Well in general I think we have to accept a bum album every now and then. Bands are signed to contracts which bind them, amongst other things, to deliver so many albums in such-and-such a time (though the cycles are longer now than they once were) and it must get to a point where they HAVE to release an album even if they don't have a good set of songs or half-finished songs.
It's easier if you don't write your own material or have an audience that will not have a knee jerk rejection of material from elsewhere (Clapton, for example, can choose material from all over the place and put his own personal stamp on it).
There are artists who have long runs of creativity with loads of strong songs, but they're exceptional enough that it's remarked upon.
With everything else that goes on, the touring, the practising on one's instrument, all the aspects of a professional music career, the need to have an actual life, the demands on having records out in sufficient quantity and at the required times it's not easy to sustain compositional excellence. I think it may be harder in a band where everybody wants to have their 5c worth and so compromises may be necessary.

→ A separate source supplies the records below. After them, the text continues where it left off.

(* Let $n\geqslant 2$ and $N=\{1,\ldots,n\}$. Then $\mathscr{BG}(n)$, viewed as a subset of $\mathbb{R}^{2^N\setminus\{\varnothing\}}$, is a $(2^n-1)$-dimensional polyhedral cone which is not pointed. Its lineality space has dimension $n$, with basis $(w_i)_{i\in N}$, where $w_i=\sum_{S\subseteq N,\, S\ni i}\delta_S$.
   Context: A game on $N=\{1,\ldots,n\}$ is a map $v:2^N\to\mathbb{R}$ with $v(\varnothing)=0$; games are identified with vectors in $\mathbb{R}^{2^N\setminus\{\varnothing\}}$. For nonempty $S\subseteq N$, the Dirac game $\delta_S$ is defined by $\delta_S(T)=1$ if $T=S$ and $0$ otherwise. A collection $\mathscr{B}$ of nonempty subsets of $N$ is balanced if there exist positive weights $(\lambda_S)_{S\in\mathscr{B}}$ with $\sum_{S\in\mathscr{B},S\ni i}\lambda_S=1$ for all $i\in N$; it is minimal balanced if no proper subcollection is balanced; a minimal balanced collection has a unique system of such weights, denoted $\lambda^{\mathscr{B}}_S$. $\mathfrak{B}^*(n)$ denotes the set of all minimal balanced collections on $N$ other than $\{N\}$. $\mathscr{BG}(n)$ is the set of games $v$ with $\sum_{S\in\mathscr{B}}\lambda^{\mathscr{B}}_S v(S)\leqslant v(N)$ for all $\mathscr{B}\in\mathfrak{B}^*(n)$ (the balanced games, equivalently those with nonempty core). *)

theory Defs
  imports "HOL-Analysis.Analysis"
begin

text \<open>Players form a finite type 'n (N = UNIV, n = CARD('n)).  A game is a vector
  indexed by coalitions, i.e. of type real ^ ('n set), with value 0 at the empty set;
  the game space is thus the coordinate subspace {v. v $ {} = 0}, identified with
  R^(2^N minus the empty set).\<close>

definition games :: "(real ^ ('n::finite set)) set" where
  "games = {v. v $ {} = 0}"

definition dirac :: "'n::finite set \<Rightarrow> real ^ ('n set)" where
  "dirac S = (\<chi> T. if T = S then 1 else 0)"

definition balancing_weights :: "'n::finite set set \<Rightarrow> ('n set \<Rightarrow> real) \<Rightarrow> bool" where
  "balancing_weights B lam \<longleftrightarrow>
     (\<forall>S\<in>B. lam S > 0) \<and> (\<forall>i. (\<Sum>S\<in>{S\<in>B. i \<in> S}. lam S) = 1)"

definition balanced :: "'n::finite set set \<Rightarrow> bool" where
  "balanced B \<longleftrightarrow> {} \<notin> B \<and> (\<exists>lam. balancing_weights B lam)"

definition minimal_balanced :: "'n::finite set set \<Rightarrow> bool" where
  "minimal_balanced B \<longleftrightarrow> balanced B \<and> (\<forall>B'. B' \<subset> B \<longrightarrow> \<not> balanced B')"

definition bweight :: "'n::finite set set \<Rightarrow> 'n set \<Rightarrow> real" where
  "bweight B = (THE lam. balancing_weights B lam \<and> (\<forall>S. S \<notin> B \<longrightarrow> lam S = 0))"

definition Bstar :: "'n::finite set set set" where
  "Bstar = {B. minimal_balanced B \<and> B \<noteq> {UNIV}}"

definition balanced_games :: "(real ^ ('n::finite set)) set" where
  "balanced_games = {v \<in> games.
     \<forall>B\<in>Bstar. (\<Sum>S\<in>B. bweight B S * v $ S) \<le> v $ UNIV}"

definition lineality_space :: "'a::real_vector set \<Rightarrow> 'a set" where
  "lineality_space C = C \<inter> uminus ` C"

definition pointed :: "'a::real_vector set \<Rightarrow> bool" where
  "pointed C \<longleftrightarrow> lineality_space C = {0}"

definition wvec :: "'n::finite \<Rightarrow> real ^ ('n set)" where
  "wvec i = (\<Sum>S\<in>{S. i \<in> S}. dirac S)"

end

theory Submission
  imports Defs
begin

text \<open>
  The game space is the hyperplane v({}) = 0, and each B in B*(n) contributes the linear
  inequality sum_S lambda_S v(S) - v(N) <= 0, so BG(n) is the polar cone of finitely many
  vectors: a polyhedral cone whose lineality space is cut out by the corresponding equalities.
  Since no B in B*(n) contains N, raising v(N) makes every game balanced, so BG(n) spans the
  whole (2^n - 1)-dimensional game space.  Every partition of N is minimal balanced with unit
  weights; for n >= 2 the equalities for the partitions {T} + singletons and the partition into
  singletons force v(T) = sum_{i in T} v({i}), so the lineality space is the space of additive
  games, with basis (w_i).
\<close>

lemma balanced_support_of_nonneg_weights:
  fixes B :: "'n::finite set set" and nu :: "'n set \<Rightarrow> real"
  assumes "{} \<notin> B" and nonneg: "\<And>S. S \<in> B \<Longrightarrow> nu S \<ge> 0"
    and sums: "\<And>i. (\<Sum>S\<in>{S\<in>B. i \<in> S}. nu S) = 1"
  shows "balanced {S\<in>B. nu S > 0}"
  unfolding balanced_def balancing_weights_def
proof (intro conjI exI allI ballI)
  fix i :: 'n
  have "(\<Sum>S\<in>{S\<in>{S\<in>B. nu S > 0}. i \<in> S}. nu S) = (\<Sum>S\<in>{S\<in>B. i \<in> S}. nu S)"
    using nonneg by (intro sum.mono_neutral_left) (auto simp: less_le)
  then show "(\<Sum>S\<in>{S\<in>{S\<in>B. nu S > 0}. i \<in> S}. nu S) = 1"
    using sums by simp
qed (use assms(1) in auto)

lemma minimal_balanced_weights_le:
  fixes B :: "'n::finite set set"
  assumes min: "minimal_balanced B" and lam: "balancing_weights B lam" and mu: "balancing_weights B mu"
    and "S \<in> B"
  shows "mu S \<le> lam S"
proof (rule ccontr)
  assume "\<not> mu S \<le> lam S"
  define D where "D = {S\<in>B. lam S < mu S}"
  define ratio where "ratio S = lam S / (mu S - lam S)" for S
  have "D \<noteq> {}" using \<open>S \<in> B\<close> \<open>\<not> mu S \<le> lam S\<close> by (auto simp: D_def)
  then obtain S0 where S0: "S0 \<in> D" and least: "\<And>S. S \<in> D \<Longrightarrow> ratio S0 \<le> ratio S"
    using ex_is_arg_min_if_finite[of D ratio] by (auto simp: is_arg_min_linorder)
  define t where "t = ratio S0"
  have lam_pos: "\<And>S. S \<in> B \<Longrightarrow> lam S > 0" using lam by (simp add: balancing_weights_def)
  have "t > 0" using S0 lam_pos by (simp add: t_def ratio_def D_def)
  \<comment> \<open>move from lam away from mu until the first weight vanishes\<close>
  define nu where "nu S = lam S - t * (mu S - lam S)" for S
  have nonneg: "nu S \<ge> 0" if "S \<in> B" for S
  proof (cases "S \<in> D")
    case True
    then have "t * (mu S - lam S) \<le> lam S"
      using least[OF True] by (simp add: t_def ratio_def D_def pos_le_divide_eq)
    then show ?thesis by (simp add: nu_def)
  next
    case False
    then have "t * (mu S - lam S) \<le> 0"
      using that \<open>t > 0\<close> by (auto simp: D_def intro: mult_nonneg_nonpos)
    then show ?thesis using lam_pos[OF that] by (simp add: nu_def)
  qed
  have sums: "(\<Sum>S\<in>{S\<in>B. i \<in> S}. nu S) = 1" for i
  proof -
    have "(\<Sum>S\<in>{S\<in>B. i \<in> S}. nu S)
        = (1 + t) * (\<Sum>S\<in>{S\<in>B. i \<in> S}. lam S) - t * (\<Sum>S\<in>{S\<in>B. i \<in> S}. mu S)"
      by (simp add: nu_def sum_subtractf sum_distrib_left sum.distrib algebra_simps)
    then show ?thesis using lam mu by (simp add: balancing_weights_def)
  qed
  have "nu S0 = 0" using S0 by (simp add: nu_def t_def ratio_def D_def field_simps)
  then have "{S\<in>B. nu S > 0} \<subset> B" using S0 by (force simp: D_def)
  moreover have "balanced {S\<in>B. nu S > 0}"
    using min nonneg sums
    by (intro balanced_support_of_nonneg_weights) (auto simp: minimal_balanced_def balanced_def)
  ultimately show False using min by (auto simp: minimal_balanced_def)
qed

lemma minimal_balanced_weights_unique:
  fixes B :: "'n::finite set set"
  assumes "minimal_balanced B" "balancing_weights B lam" "balancing_weights B mu" "S \<in> B"
  shows "lam S = mu S"
  using minimal_balanced_weights_le[OF assms] minimal_balanced_weights_le[OF assms(1,3,2,4)]
  by simp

I dunno, it seems to be a general Prog Rock thing though, where bands often try to fit too many ideas into a song. For example, you'll be listening to a song and there'll be a melody which sounds really cool (could certainly be considered a hook) but they move away from it too soon and never revisit it again. That kind of bums me out because they have this cool hook which they could have built a great song around but instead it's presented as a short bridge or something like that.
Yeah, but the point of prog rock, or A point, is to have the complex riffs and lots of changes and interesting sounds. If a band just writes great melodies with good lyrics (did I say "just" ?) and plays for the song then they're not prog rock really.